Silencieux, oui, mais le regard droit planté dans le mien, un regard chargé d’une émotion tellement-tellement intense échangée par ce simple canal, un regard si sensible qu’aussitôt j’ai senti que je commençais à fondre.

Quand il était petit, je me le rappelle avec une précision sans faille, nous jouions à deviner ce que l’autre disait silencieusement dans sa tête et avec son coeur, simplement en nous regardant dans les yeux.
Et nous y arrivions.
Plutôt pas mal du tout, même. Ça l’amusait beaucoup ; moi j’en étais toujours comme deux ronds de flan.

Lâcher-prise ?
Quelle prise ?
La prise de courant ?
Surtout pas : le courant passe, assurément, et le courant d’amour materno-filial ne m’a jamais électrocutée !
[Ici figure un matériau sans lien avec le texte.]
lemma sum_of_four_squares_prime:
  fixes p :: int
  assumes prime: "prime p"
  shows "sum_of_four_squares p"
proof (cases "p = 2")
  case True
  then have "p = 1\<^sup>2 + 1\<^sup>2 + 0\<^sup>2 + 0\<^sup>2"
    by simp
  then show ?thesis
    unfolding sum_of_four_squares_def by blast
next
  case False
  have "p \<ge> 2"
    using prime_ge_2_int[OF prime] .
  have "odd p"
    using False \<open>p \<ge> 2\<close> prime prime_odd_int by simp
  then obtain x y where xy: "0 \<le> x" "2 * x < p" "0 \<le> y" "2 * y < p" "p dvd x\<^sup>2 + y\<^sup>2 + 1"
    using prime_dvd_sum_two_squares_plus_one[OF prime] by blast
  then obtain m where m: "m * p = x\<^sup>2 + y\<^sup>2 + 1\<^sup>2 + 0\<^sup>2"
    by (auto simp: mult.commute elim!: dvdE)
  have "0 < m * p"
    using m zero_le_power2[of x] zero_le_power2[of y] by simp
  then have "0 < m"
    using \<open>p \<ge> 2\<close> by (simp add: zero_less_mult_iff)
  have "(2 * x)\<^sup>2 < p\<^sup>2" "(2 * y)\<^sup>2 < p\<^sup>2"
    using xy power_strict_mono[of "2 * x" p 2] power_strict_mono[of "2 * y" p 2] by simp_all
  moreover have "4 \<le> p\<^sup>2"
    using \<open>p \<ge> 2\<close> power_mono[of 2 p 2] by simp
  moreover have "4 * (m * p) = (2 * x)\<^sup>2 + (2 * y)\<^sup>2 + 4"
    using m by (simp add: power_mult_distrib)
  ultimately have "p * m < p * p"
    by (simp add: power2_eq_square mult.commute)
  then have "m < p"
    using \<open>p \<ge> 2\<close> by simp
  then show ?thesis
    using sum_of_four_squares_prime_if_multiple[OF prime \<open>0 < m\<close>] m
    unfolding sum_of_four_squares_def by blast
qed

theorem sum_of_four_squares_nonneg:
  fixes n :: int
  assumes "n \<ge> 0"
  shows "sum_of_four_squares n"
proof -
  have "sum_of_four_squares (int k)" for k
  proof (induction k rule: less_induct)
    case (less k)
    show ?case
    proof (cases "k \<le> 1")
      case True
      then have "int k = (int k)\<^sup>2 + 0\<^sup>2 + 0\<^sup>2 + 0\<^sup>2"
        by (cases k) auto
      then show ?thesis
        unfolding sum_of_four_squares_def by blast
    next
      case False
      then obtain p where p: "prime p" "p dvd k"
        using prime_factor_nat[of k] by auto
      then obtain j where j: "k = p * j"
        by blast
      with False have "j > 0"
        by (cases j) auto
      with j prime_ge_2_nat[OF p(1)] have "j < k"
        by (simp add: n_less_m_mult_n)
      moreover have "sum_of_four_squares (int p)"
        using p(1) by (simp add: sum_of_four_squares_prime)
      ultimately show ?thesis
        using less.IH sum_of_four_squares_mult[of "int p" "int j"] j by simp
    qed
  qed
  then show ?thesis
    using assms by (metis nonneg_int_cases)
qed

section \<open>Sums of squares of non-multiples\<close>

definition sum_of_squares_in :: "int set \<Rightarrow> nat \<Rightarrow> int \<Rightarrow> bool" where
  "sum_of_squares_in A k n \<longleftrightarrow> (\<exists>xs. set xs \<subseteq> A \<and> length xs \<le> k \<and> n = (\<Sum>x\<leftarrow>xs. x\<^sup>2))"

lemma sum_of_squares_in_add:
  assumes "sum_of_squares_in A k m" "sum_of_squares_in A l n"
  shows "sum_of_squares_in A (k + l) (m + n)"
proof -
  obtain xs ys where "set xs \<subseteq> A" "length xs \<le> k" "m = (\<Sum>x\<leftarrow>xs. x\<^sup>2)"
    "set ys \<subseteq> A" "length ys \<le> l" "n = (\<Sum>y\<leftarrow>ys. y\<^sup>2)"
    using assms by (auto simp: sum_of_squares_in_def)
  then show ?thesis
    unfolding sum_of_squares_in_def by (intro exI[of _ "xs @ ys"]) auto
qed

lemma sum_of_squares_in_mono:
  "k \<le> l \<Longrightarrow> sum_of_squares_in A k n \<Longrightarrow> sum_of_squares_in A l n"
  unfolding sum_of_squares_in_def using le_trans by blast

lemma sum_of_squares_in_of_nat:
  assumes "1 \<in> A"
  shows "sum_of_squares_in A k (int k)"
  unfolding sum_of_squares_in_def using assms
  by (intro exI[of _ "replicate k 1"]) (simp add: sum_list_replicate set_replicate_conv_if)

lemma sum_of_squares_in_indexed:
  assumes "sum_of_squares_in A k n"
  shows "\<exists>k'. \<exists>x. k' \<le> k \<and> (\<forall>i<k'. x i \<in> A) \<and> n = (\<Sum>i<k'. (x i)\<^sup>2)"
proof -
  obtain xs where "set xs \<subseteq> A" "length xs \<le> k" "n = (\<Sum>x\<leftarrow>xs. x\<^sup>2)"
    using assms by (auto simp: sum_of_squares_in_def)
  then show ?thesis
    by (intro exI[of _ "length xs"] exI[of _ "nth xs"])
       (auto simp: sum_list_sum_nth atLeast0LessThan)
qed

lemma one_mem_C_iff: "1 \<in> C u \<longleftrightarrow> \<not> is_unit u"
  by (simp add: C_def)

lemma twice_square_plus_two_in_C:
  assumes "\<not> is_unit u"
  shows "sum_of_squares_in (C u) 4 (2 * a\<^sup>2 + 2)"
proof (cases "u dvd a")
  case True
  then have "\<not> u dvd a + 1" "\<not> u dvd a - 1"
    using assms by (auto simp: dvd_add_right_iff dvd_diff_right_iff)
  moreover have "2 * a\<^sup>2 + 2 = (\<Sum>x\<leftarrow>[a + 1, a - 1]. x\<^sup>2)"
    by (simp add: power2_eq_square algebra_simps)
  ultimately show ?thesis
    unfolding sum_of_squares_in_def C_def by (intro exI[of _ "[a + 1, a - 1]"]) auto
next
  case False
  then show ?thesis
    using assms unfolding sum_of_squares_in_def C_def
    by (intro exI[of _ "[a, a, 1, 1]"]) (auto simp: power2_eq_square)
qed

theorem sum_of_17_squares_in_C:
  assumes "\<not> is_unit u" "n \<ge> 0"
  shows "sum_of_squares_in (C u) 17 n"
proof (cases "n < 8")
  case True
  then have "sum_of_squares_in (C u) (nat n) n"
    using sum_of_squares_in_of_nat[of "C u" "nat n"] assms by (simp add: one_mem_C_iff)
  moreover have "nat n \<le> 17"
    using True by simp
  ultimately show ?thesis
    using sum_of_squares_in_mono by blast
next
  case False
  obtain a b c d where abcd: "(n - 8) div 2 = a\<^sup>2 + b\<^sup>2 + c\<^sup>2 + d\<^sup>2"
    using sum_of_four_squares_nonneg[of "(n - 8) div 2"] False
    by (auto simp: sum_of_four_squares_def)
  have "n - 8 = 2 * ((n - 8) div 2) + (n - 8) mod 2"
    by simp
  then have "n = (2 * a\<^sup>2 + 2) + (2 * b\<^sup>2 + 2) + (2 * c\<^sup>2 + 2) + (2 * d\<^sup>2 + 2) + int (nat ((n - 8) mod 2))"
    using abcd False by simp
  moreover have "sum_of_squares_in (C u) 1 (int (nat ((n - 8) mod 2)))"
    using sum_of_squares_in_of_nat[of "C u" "nat ((n - 8) mod 2)"] assms(1)
      sum_of_squares_in_mono[of "nat ((n - 8) mod 2)" 1]
    by (simp add: one_mem_C_iff)
  then have "sum_of_squares_in (C u) (4 + 4 + 4 + 4 + 1)
      ((2 * a\<^sup>2 + 2) + (2 * b\<^sup>2 + 2) + (2 * c\<^sup>2 + 2) + (2 * d\<^sup>2 + 2) + int (nat ((n - 8) mod 2)))"
    by (intro sum_of_squares_in_add twice_square_plus_two_in_C assms(1))
  ultimately show ?thesis
    by simp
qed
PS d’aujourd’hui : Que de chemin parcouru depuis tout ce temps. Des progrès, tangibles, appréciés, une relation apaisée. Puis surgirent de nouvelles embûches – le mot est faible ! –, qui furent l’occasion de nouvelles over-réactions, de nouveaux consensus.

Et de l’espoir, beaucoup d’espoir. L’espoir qui tous les jours s’entretient car je ne connais pas d’autre moyen. Mais c’est une autre histoire, une tout autre histoire qu’un jour peut-être je raconterai. Peut-être.


* Lourde ou « bien relou », on me reproche souvent de l’être. Je tombe toujours de l’armoire. J’ai du mal à comprendre que les gens puissent trouver insupportable que je pose des questions. Moi j’ai besoin d’avoir tous les éléments à l’esprit pour bien saisir une situation. Je demande des précisions et l’on me trouve lourde. Ça ne date pas d’hier, j’ai l’habitude de ces réactions, pour étonnantes qu’elles me paraissent. C’est ainsi. Ce constat m’attriste, mais je ne vois pas comment me comporter autrement. Sauf à faire semblant, toujours faire semblant d’avoir compris même si ça reste vague. L’expérience m’a pourtant appris que ce n’est pas une bonne solution, qui provoque souvent des complications à n’en plus finir.

** « Il n’y a pas d’amour, il n’y a que des preuves d’amour.** » Cette citation, c’est à Pierre Reverdy (1889-1960) qu’on la doit. Longtemps je l’ai attribuée, je ne saurais dire pourquoi, à Jean Cocteau.